Files
pi-skill/commands/autoresearch/autoresearch.md
2026-05-25 16:41:08 +07:00

374 lines
18 KiB
Markdown

---
name: autoresearch
description: "Autonomous Goal-directed Iteration — Apply Karpathy's autoresearch principles to ANY task. Loops autonomously: modify, verify, keep/discard, repeat."
argument-hint: "<goal description> [--iterations N]"
allowed-tools: ["Bash", "Read", "Write", "Edit", "ask_user", "show_plan", "show_research", "subagent_create_batch", "dispatch_agent", "commander_task", "commander_mailbox", "show_report"]
---
# Autoresearch — Autonomous Goal-directed Iteration
You are now an **autonomous iteration agent**. Your job is to loop: Modify -> Verify -> Keep/Discard -> Repeat.
Inspired by [Karpathy's autoresearch](https://github.com/karpathy/autoresearch). Applies constraint-driven autonomous iteration to ANY work.
## Your Task
The user has given you a goal: **$ARGUMENTS**
## Step 1: Understand (Do This First — Before ANY Work)
Before you touch a single file, you must deeply understand the goal. Do NOT rush into iteration.

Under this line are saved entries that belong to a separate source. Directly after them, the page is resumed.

(* For $0\le a\le1/3$ let $R=\sqrt{a(4-3a)}$, $b=\tfrac12(2-a-R)$, $c=\tfrac12(2-a+R)$, and for $s\in\mathbb{R}$ define $$h(a,s)=(a+s(b-a))\bigl(c-(a+s(b-a))\bigr),$$ $$g(a,s)=3a(1-a)(1+s)+(9a^2-12a+2)s^2+\bigl(1-3a-(5-9a)s+(2-3a)s^2\bigr)R.$$ Then for $0\le a\le1/3$ and $0\le s\le1/2$: (i) $h(a,s)\le h(a,1-s)$; (ii) $g(a,s)\ge0$; and (iii) $g(a,s)+g(a,1-s)\ge0$. *)

theory Defs
  imports Complex_Main
begin

definition RR :: "real \<Rightarrow> real" where
  "RR a = sqrt (a * (4 - 3 * a))"

definition bb :: "real \<Rightarrow> real" where
  "bb a = (2 - a - RR a) / 2"

definition cc :: "real \<Rightarrow> real" where
  "cc a = (2 - a + RR a) / 2"

definition hh :: "real \<Rightarrow> real \<Rightarrow> real" where
  "hh a s = (a + s * (bb a - a)) * (cc a - (a + s * (bb a - a)))"

definition gg :: "real \<Rightarrow> real \<Rightarrow> real" where
  "gg a s = 3 * a * (1 - a) * (1 + s) + (9 * a^2 - 12 * a + 2) * s^2
          + (1 - 3 * a - (5 - 9 * a) * s + (2 - 3 * a) * s^2) * RR a"

end

theory Submission
  imports Defs
begin

(* For a > 0 put t = R/a. Since R^2 = a(4 - 3a), this gives a = 4/(3 + t^2) and R = 4t/(3 + t^2),
   and a \<le> 1/3 becomes t \<ge> 3. Clearing the denominator turns g(a,s) into a polynomial in t and s,
   whose expansion around t = 3, s = 1/2 has visibly nonnegative terms. Part (i) is the
   factorisation h(a,1-s) - h(a,s) = (1 - 2s)(b - a)(R - a) together with a \<le> R \<le> 2 - 3a. *)

lemma RR_nonneg: "0 \<le> a \<Longrightarrow> a \<le> 4/3 \<Longrightarrow> 0 \<le> RR a"
  unfolding RR_def by simp

lemma RR_squared: "0 \<le> a \<Longrightarrow> a \<le> 4/3 \<Longrightarrow> (RR a)^2 = a * (4 - 3 * a)"
  unfolding RR_def by simp

lemma RR_ge_self:
  assumes "0 \<le> a" "a \<le> 1"
  shows "a \<le> RR a"
proof -
  have "a^2 \<le> a * (4 - 3 * a)"
    using assms mult_nonneg_nonneg[of a "1 - a"] by (simp add: algebra_simps power2_eq_square)
  then show ?thesis
    using assms real_sqrt_le_mono unfolding RR_def by fastforce
qed

lemma RR_le:
  assumes "0 \<le> a" "a \<le> 1/3"
  shows "RR a \<le> 2 - 3 * a"
proof -
  have "a * (4 - 3 * a) \<le> (2 - 3 * a)^2"
    using assms mult_nonneg_nonneg[of "1 - a" "1 - 3 * a"] by (simp add: algebra_simps power2_eq_square)
  then show ?thesis
    using assms real_sqrt_le_mono[of _ "(2 - 3 * a)^2"] unfolding RR_def by fastforce
qed

lemma hh_reflect_diff: "hh a (1 - s) - hh a s = (1 - 2 * s) * (bb a - a) * (RR a - a)"
proof -
  have "cc a - 2 * a - (bb a - a) = RR a - a"
    unfolding bb_def cc_def by (simp add: field_simps)
  moreover have "\<And>x d c :: real. (x + (1 - s) * d) * (c - (x + (1 - s) * d)) - (x + s * d) * (c - (x + s * d))
      = (1 - 2 * s) * d * (c - 2 * x - d)"
    by (simp add: algebra_simps)
  ultimately show ?thesis
    unfolding hh_def by metis
qed

lemma hh_le_reflect:
  assumes "0 \<le> a" "a \<le> 1/3" "s \<le> 1/2"
  shows "hh a s \<le> hh a (1 - s)"
proof -
  have "0 \<le> bb a - a"
    using RR_le[OF assms(1,2)] unfolding bb_def by simp
  moreover have "0 \<le> RR a - a"
    using RR_ge_self assms(1,2) by simp
  ultimately have "0 \<le> (1 - 2 * s) * (bb a - a) * (RR a - a)"
    using assms(3) by simp
  then show ?thesis
    using hh_reflect_diff[of a s] by simp
qed

definition g_param :: "real \<Rightarrow> real \<Rightarrow> real" where
  "g_param t s = 2 * (t^3 + 3*t^2 - 9*t - 3) + 2 * (-5*t^3 + 3*t^2 + 21*t - 3) * s
     + (t^4 + 4*t^3 - 18*t^2 - 12*t + 9) * s^2"

lemma gg_eq_g_param:
  assumes "RR a = t * a" "a * (3 + t^2) = 4"
  shows "(3 + t^2)^2 * gg a s = 2 * g_param t s"
proof -
  define D where "D = 3 + t^2"
  have "D^2 * gg a s = D^2 * (2 * s^2) + (3 * (1 + s) - 12 * s^2 + t * (1 - 5*s + 2*s^2)) * D * (a * D)
      + (-3 * (1 + s) + 9 * s^2 + t * (-3 + 9*s - 3*s^2)) * (a * D)^2"
    unfolding gg_def assms(1) by (simp add: algebra_simps power2_eq_square)
  also have "\<dots> = 2 * g_param t s"
    using assms(2) unfolding D_def g_param_def by (simp add: algebra_simps eval_nat_numeral)
  finally show ?thesis
    unfolding D_def .
qed

lemma RR_rational_param:
  assumes "0 < a" "a \<le> 1/3"
  obtains t where "3 \<le> t" "RR a = t * a" "a * (3 + t^2) = 4"
proof
  define t where "t = RR a / a"
  show R: "RR a = t * a"
    using assms by (simp add: t_def)
  have "a * (a * (3 + t^2)) = a * 4"
    using RR_squared[of a] assms R by (simp add: algebra_simps power2_eq_square)
  then show a_eq: "a * (3 + t^2) = 4"
    using assms by simp
  have "0 \<le> t"
    using RR_nonneg[of a] assms by (simp add: t_def)
  moreover have "3^2 \<le> t^2"
    using a_eq assms mult_right_mono[of a "1/3" "3 + t^2"] by simp
  ultimately show "3 \<le> t"
    using power2_le_imp_le by blast
qed

lemma gg_eq_g_param_scaled:
  assumes "0 < a" "a \<le> 1/3"
  obtains t where "3 \<le> t" "\<And>s. gg a s = 2 * g_param t s / (3 + t^2)^2"
proof -
  obtain t where "3 \<le> t" "RR a = t * a" "a * (3 + t^2) = 4"
    using RR_rational_param[OF assms] .
  moreover have "(3 + t^2)^2 \<noteq> 0"
    by (smt (verit) zero_le_power2 power_not_zero)
  ultimately show thesis
    using that gg_eq_g_param by (metis nonzero_mult_div_cancel_left)
qed

lemma g_param_expansion:
  "g_param (u + 3) (1/2 - w) = u^3 * (u/4 + 1 - w * (u + 6) + w^2 * (u + 16))
     + w * (96 + 96 * u + 12 * u^2) + w^2 * (72 * u^2 + 96 * u)"
  unfolding g_param_def by (simp add: field_simps eval_nat_numeral)

lemma g_param_nonneg:
  assumes "3 \<le> t" "s \<le> 1/2"
  shows "0 \<le> g_param t s"
proof -
  define u w where "u = t - 3" and "w = 1/2 - s"
  have u: "0 \<le> u" and w: "0 \<le> w"
    using assms by (simp_all add: u_def w_def)
  have "4 * (u + 16) * (u/4 + 1 - w * (u + 6) + w^2 * (u + 16)) = (2 * (u + 16) * w - (u + 6))^2 + (28 + 8 * u)"
    by algebra
  then have "0 \<le> u/4 + 1 - w * (u + 6) + w^2 * (u + 16)"
    using u by (smt (verit) zero_le_power2 zero_less_mult_iff)
  then have "0 \<le> g_param (u + 3) (1/2 - w)"
    unfolding g_param_expansion using u w by simp
  then show ?thesis
    by (simp add: u_def w_def)
qed

lemma g_param_reflect_sum:
  "g_param (u + 3) (1/2 - w) + g_param (u + 3) (1/2 + w)
     = u^4/2 + 2 * u^3 + 2 * (u^4 + 16 * u^3 + 72 * u^2 + 96 * u) * w^2"
  unfolding g_param_def by (simp add: field_simps eval_nat_numeral)

lemma g_param_reflect_sum_nonneg:
  assumes "3 \<le> t"
  shows "0 \<le> g_param t s + g_param t (1 - s)"
proof -
  have "0 \<le> g_param ((t - 3) + 3) (1/2 - (1/2 - s)) + g_param ((t - 3) + 3) (1/2 + (1/2 - s))"
    unfolding g_param_reflect_sum using assms by simp
  then show ?thesis
    by simp
qed

lemma gg_nonneg:
  assumes "0 \<le> a" "a \<le> 1/3" "s \<le> 1/2"
  shows "0 \<le> gg a s"
proof (cases "a = 0")
  case True
  then show ?thesis
    by (simp add: gg_def RR_def)
next
  case False
  with assms obtain t where "3 \<le> t" "\<And>s. gg a s = 2 * g_param t s / (3 + t^2)^2"
    using gg_eq_g_param_scaled by (metis order_le_less)
  then show ?thesis
    using g_param_nonneg assms(3) by simp
qed

lemma gg_reflect_sum_nonneg:
  assumes "0 \<le> a" "a \<le> 1/3"
  shows "0 \<le> gg a s + gg a (1 - s)"
proof (cases "a = 0")
  case True
  then show ?thesis
    by (simp add: gg_def RR_def)
next
  case False
  with assms obtain t where t: "3 \<le> t" and gg: "\<And>s. gg a s = 2 * g_param t s / (3 + t^2)^2"
    using gg_eq_g_param_scaled by (metis order_le_less)
  have "gg a s + gg a (1 - s) = 2 * (g_param t s + g_param t (1 - s)) / (3 + t^2)^2"
    unfolding gg by (simp add: add_divide_distrib)
  then show ?thesis
    using g_param_reflect_sum_nonneg[OF t, of s] by (simp del: distrib_left_numeral)
qed

theorem lemmaB1:
  fixes a s :: real
  assumes "0 \<le> a" "a \<le> 1/3" "0 \<le> s" "s \<le> 1/2"
  shows "hh a s \<le> hh a (1 - s) \<and> gg a s \<ge> 0 \<and> gg a s + gg a (1 - s) \<ge> 0"
  using hh_le_reflect gg_nonneg gg_reflect_sum_nonneg assms by blast

end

1. **Read relevant files** — Scan the codebase to build context around the user's goal. Understand what exists, what patterns are in use, and what's realistic to change.
2. **Identify ambiguities** — Based on the goal description and codebase context, identify what's unclear:
- Is the success metric obvious or ambiguous?
- Is the scope (which files to modify) clear?
- Are there constraints the user hasn't mentioned?
- Are there multiple valid interpretations of the goal?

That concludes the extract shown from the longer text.